To diagnose congestive cirrhosis, anamnesis is first of all important, during the collection of which the doctor notes the presence cardiological pathology at the patient. During examination and palpation, an increase in the size of the liver is noted (the lower edge reaches the navel), its edge is smooth, dense and painful.

Additional examination methods:

• Blood test for liver tests. There is a moderate increase total bilirubin and its fractions, a decrease in albumin levels, a moderate increase in alkaline phosphatase and ACaT.
• Ultrasound of the liver. Characterized by a significant enlargement of the liver and signs of cirrhosis of the central lobes. If available free liquid in the abdominal cavity reveals signs of ascites.
• Liver biopsy. Congestion in the liver lobules, signs of sclerosis and necrosis are detected.
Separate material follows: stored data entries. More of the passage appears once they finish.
lemma (in module) chain_hom_extension:
  assumes "finite (simplices K k)"
  shows "\<exists>\<psi>. chain_hom K k scale \<psi> \<and> (\<forall>s \<in> simplices K k. \<psi> (elem_chain s) = v s)"
proof (intro exI conjI ballI)
  define \<psi> where "\<psi> c = (\<Sum>s \<in> simplices K k. scale (c s) (v s))" for c
  show "chain_hom K k scale \<psi>"
    unfolding chain_hom_def \<psi>_def by (simp add: scale_left_distrib sum.distrib scale_sum_right)
  fix s assume "s \<in> simplices K k"
  then have "\<psi> (elem_chain s) = (\<Sum>t \<in> simplices K k. if t = s then v t else 0)"
    unfolding \<psi>_def elem_chain_def by (intro sum.cong) auto
  with assms \<open>s \<in> simplices K k\<close> show "\<psi> (elem_chain s) = v s" by simp
qed

lemma intersection_form_data_gram:
  "intersection_form_data k smul \<Omega> b \<pi> A \<Longrightarrow> \<Omega> h h' = qform b A (\<pi> h) (\<pi> h')"
  unfolding intersection_form_data_def by blast

lemma intersection_form_data_lift:
  assumes "intersection_form_data k smul \<Omega> b \<pi> A"
  shows "\<exists>h. \<forall>i < b. \<pi> h i = u i"
proof -
  have "\<exists>h. \<pi> h = (\<lambda>i. if i < b then u i else 0)"
    using assms unfolding intersection_form_data_def by simp
  then show ?thesis by (metis (full_types))
qed

theorem theorem14:
  fixes k :: nat
    and K :: "'v::linorder set set"
    and ori :: "'v set \<Rightarrow> bool"
    and smul :: "'r::comm_ring_1 \<Rightarrow> 'h::ab_group_add \<Rightarrow> 'h"
    and \<Omega> :: "'h \<Rightarrow> 'h \<Rightarrow> 'r"
    and b :: nat
    and \<pi> :: "'h \<Rightarrow> nat \<Rightarrow> 'r"
    and A :: "nat \<Rightarrow> nat \<Rightarrow> 'r"
    and \<theta> :: "'v set \<Rightarrow> 'v set \<Rightarrow> 'r"
  assumes "1 \<le> k"
    and "R_is_Z_or_Z2 TYPE('r)"
    and "simplicial_k_complex k K"
    and "module smul"
    and "intersection_form_data k smul \<Omega> b \<pi> A"
    and "skew_cochain k K \<theta>"
  shows "(\<exists>\<psi>. chain_hom K k smul \<psi> \<and>
            in_F k K ori (\<lambda>\<sigma> \<tau>. \<Omega> (\<psi> (elem_chain \<sigma>)) (\<psi> (elem_chain \<tau>)) - \<theta> \<sigma> \<tau>))
     \<longleftrightarrow>
         (\<exists>(x :: 'v set \<Rightarrow> 'v set \<Rightarrow> 'r) (y :: 'v set \<Rightarrow> nat \<Rightarrow> 'r).
            \<forall>(\<sigma>, \<tau>) \<in> dpairs K k.
              (\<Sum>(\<eta>, \<mu>) \<in> etamu K k. x \<eta> \<mu> * phi k ori \<eta> \<mu> \<sigma> \<tau>) + qform b A (y \<sigma>) (y \<tau>) = \<theta> \<sigma> \<tau>)"
    (is "(\<exists>\<psi>. _ \<and> in_F k K ori (\<lambda>\<sigma> \<tau>. ?\<omega> \<psi> \<sigma> \<tau> - _)) \<longleftrightarrow> (\<exists>x y. ?eqs x y)")
proof
  assume "\<exists>\<psi>. chain_hom K k smul \<psi> \<and> in_F k K ori (\<lambda>\<sigma> \<tau>. ?\<omega> \<psi> \<sigma> \<tau> - \<theta> \<sigma> \<tau>)"
  then obtain \<psi> x where "\<forall>(\<sigma>, \<tau>) \<in> dpairs K k.
      (\<Sum>(\<eta>, \<mu>) \<in> etamu K k. x \<eta> \<mu> * phi k ori \<eta> \<mu> \<sigma> \<tau>) + ?\<omega> \<psi> \<sigma> \<tau> = \<theta> \<sigma> \<tau>"
    unfolding in_F_diff_iff by blast
  then have "?eqs x (\<lambda>s. \<pi> (\<psi> (elem_chain s)))"
    using intersection_form_data_gram[OF assms(5)] by simp
  then show "\<exists>x y. ?eqs x y"
    by (rule exI[of _ x, OF exI[of _ "\<lambda>s. \<pi> (\<psi> (elem_chain s))"]])
next
  assume "\<exists>x y. ?eqs x y"
  then obtain x y where eqs: "?eqs x y" by blast
  have "\<forall>s. \<exists>h. \<forall>i < b. \<pi> h i = y s i"
    using intersection_form_data_lift[OF assms(5)] by blast
  then obtain h where h: "\<And>s i. i < b \<Longrightarrow> \<pi> (h s) i = y s i" by metis
  obtain \<psi> where \<psi>: "chain_hom K k smul \<psi>" "\<forall>s \<in> simplices K k. \<psi> (elem_chain s) = h s"
    using module.chain_hom_extension[OF assms(4) finite_simplices[OF assms(3)]] by blast
  have "?\<omega> \<psi> \<sigma> \<tau> = qform b A (y \<sigma>) (y \<tau>)" if "(\<sigma>, \<tau>) \<in> dpairs K k" for \<sigma> \<tau>
  proof -
    have "\<psi> (elem_chain \<sigma>) = h \<sigma>" "\<psi> (elem_chain \<tau>) = h \<tau>"
      using that \<psi>(2) unfolding dpairs_def by auto
    then show ?thesis
      unfolding intersection_form_data_gram[OF assms(5)] by (auto intro: qform_cong h)
  qed
  then have "\<forall>(\<sigma>, \<tau>) \<in> dpairs K k.
      (\<Sum>(\<eta>, \<mu>) \<in> etamu K k. x \<eta> \<mu> * phi k ori \<eta> \<mu> \<sigma> \<tau>) + ?\<omega> \<psi> \<sigma> \<tau> = \<theta> \<sigma> \<tau>"
    using eqs by auto
  then have "in_F k K ori (\<lambda>\<sigma> \<tau>. ?\<omega> \<psi> \<sigma> \<tau> - \<theta> \<sigma> \<tau>)"
    unfolding in_F_diff_iff by (rule exI[of _ x])
  with \<psi>(1) show "\<exists>\<psi>. chain_hom K k smul \<psi> \<and> in_F k K ori (\<lambda>\<sigma> \<tau>. ?\<omega> \<psi> \<sigma> \<tau> - \<theta> \<sigma> \<tau>)"
    by blast
qed

end
lemma rho_cone_metric:
  assumes P: "P \<in> cone_domain U"
  shows "rho (cone_metric h) P Y Z = (k' - 1) * (real CARD('n) - 1) * base_metric h P Y Z"
proof -
  have t: "cone_t P > 0" and u: "cone_base P \<in> U" using cone_domainD[OF P] by auto
  let ?H = "h (cone_base P)" let ?M = "matrix_inv ?H"
  note inv = matrix_inv_h[OF u]
  have "rho (cone_metric h) P Y Z =
     (\<Sum>i\<in>UNIV. \<Sum>j\<in>UNIV. ?M $ i $ j / cone_t P ^ 2 * (cone_t P ^ 2 * (k' - 1) *
        (bil ?H (axis i 1) (axis j 1) * base_metric h P Y Z
         - bil ?H (axis i 1) (cone_base Z) * bil ?H (cone_base Y) (mat 1 *v axis j 1))))"
    unfolding rho_def matrix_inv_cone_metric_at[OF P] using t
    by (simp add: sum_UNIV_unit_plus curv4_cone_metric[OF P] base_metric_def algebra_simps)
  also have "\<dots> = (k' - 1) * (base_metric h P Y Z * (\<Sum>i\<in>UNIV. \<Sum>j\<in>UNIV. ?M $ i $ j * ?H $ i $ j)
     - (\<Sum>i\<in>UNIV. \<Sum>j\<in>UNIV. ?M $ i $ j * (bil ?H (axis i 1) (cone_base Z) * bil ?H (cone_base Y) (mat 1 *v axis j 1))))"
    using t by (simp only: sum_scaled_diff bil_axis) simp
  also have "\<dots> = (k' - 1) * (real CARD('n) - 1) * base_metric h P Y Z"
    by (simp only: contract_inverse_metric[OF inv(1) transpose_h[OF u]] contract_inverse_product[OF inv])
      (simp add: base_metric_def algebra_simps)
  finally show ?thesis .
qed

lemma rho_star_cone_metric:
  assumes P: "P \<in> cone_domain U"
  shows "rho_star (cone_metric h) (cone_phi J) P Y Z = (k' - 1) *
     (trace (J (cone_base P)) * base_metric h P Y Z
      - bil (h (cone_base P)) (cone_base Y) (J (cone_base P) *v cone_base Z))"
proof -
  have t: "cone_t P > 0" and u: "cone_base P \<in> U" using cone_domainD[OF P] by auto
  let ?H = "h (cone_base P)" let ?M = "matrix_inv ?H" let ?J = "J (cone_base P)"
  note inv = matrix_inv_h[OF u]
  have "rho_star (cone_metric h) (cone_phi J) P Y Z =
     (\<Sum>i\<in>UNIV. \<Sum>j\<in>UNIV. ?M $ i $ j / cone_t P ^ 2 * (cone_t P ^ 2 * (k' - 1) *
        (bil ?H (axis i 1) (?J *v axis j 1) * base_metric h P Y Z
         - bil ?H (axis i 1) (cone_base Z) * bil ?H (cone_base Y) (?J *v axis j 1))))"
    unfolding rho_star_def matrix_inv_cone_metric_at[OF P] using t
    by (simp add: sum_UNIV_unit_plus curv4_cone_metric[OF P] base_metric_def cone_base_cone_phi
        algebra_simps)
  also have "\<dots> = (k' - 1) * (base_metric h P Y Z * (\<Sum>i\<in>UNIV. \<Sum>j\<in>UNIV. ?M $ i $ j * bil ?H (axis i 1) (?J *v axis j 1))
     - (\<Sum>i\<in>UNIV. \<Sum>j\<in>UNIV. ?M $ i $ j * (bil ?H (axis i 1) (cone_base Z) * bil ?H (cone_base Y) (?J *v axis j 1))))"
    using t by (simp only: sum_scaled_diff) simp
  also have "\<dots> = (k' - 1) * (trace ?J * base_metric h P Y Z - bil ?H (cone_base Y) (?J *v cone_base Z))"
    by (simp only: contract_inverse_trace[OF inv] contract_inverse_product[OF inv]) (simp add: mult.commute)
  finally show ?thesis .
qed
Treatment of congestive cirrhosis

Treatment of congestive liver cirrhosis is based on therapeutic activities to compensate for heart failure. If you stabilize the heart, the progression of cardiac cirrhosis stops.

As maintenance therapy in the case of this disease, an albumin solution is administered. It allows you to support and improve protein metabolism, somewhat improves the functioning of hepatocytes, reduces swelling and ascites.

Diuretics are also prescribed to eliminate edema and ascites. The most effective in this case is Veroshpiron. He deduces excess liquid and maintains ionic balance in cells.

Diet is also necessary for liver congestion. Food should be rich in protein and slightly increase fat in the diet. These are products such as milk, kefir, cottage cheese, sour cream, any meat, fish, eggs, caviar, soybeans, and legumes. Also, any dietary supplements based on amino acids are good as a supplement to food.

Complications

The most common complications of congestive cirrhosis include:

• Hepatic coma;
• Varicose veins of the esophagus, rectum and portal vein;
• Bleeding from varicose veins;
• Hepatocellular carcinoma;
• Ascitic sepsis and peritonitis;
• Death.

Prevention

The only method of preventing the development of congestive cirrhosis is a timely visit to a cardiologist with heart problems, quality treatment of these diseases and maintaining the heart and blood vessels in a state of compensation.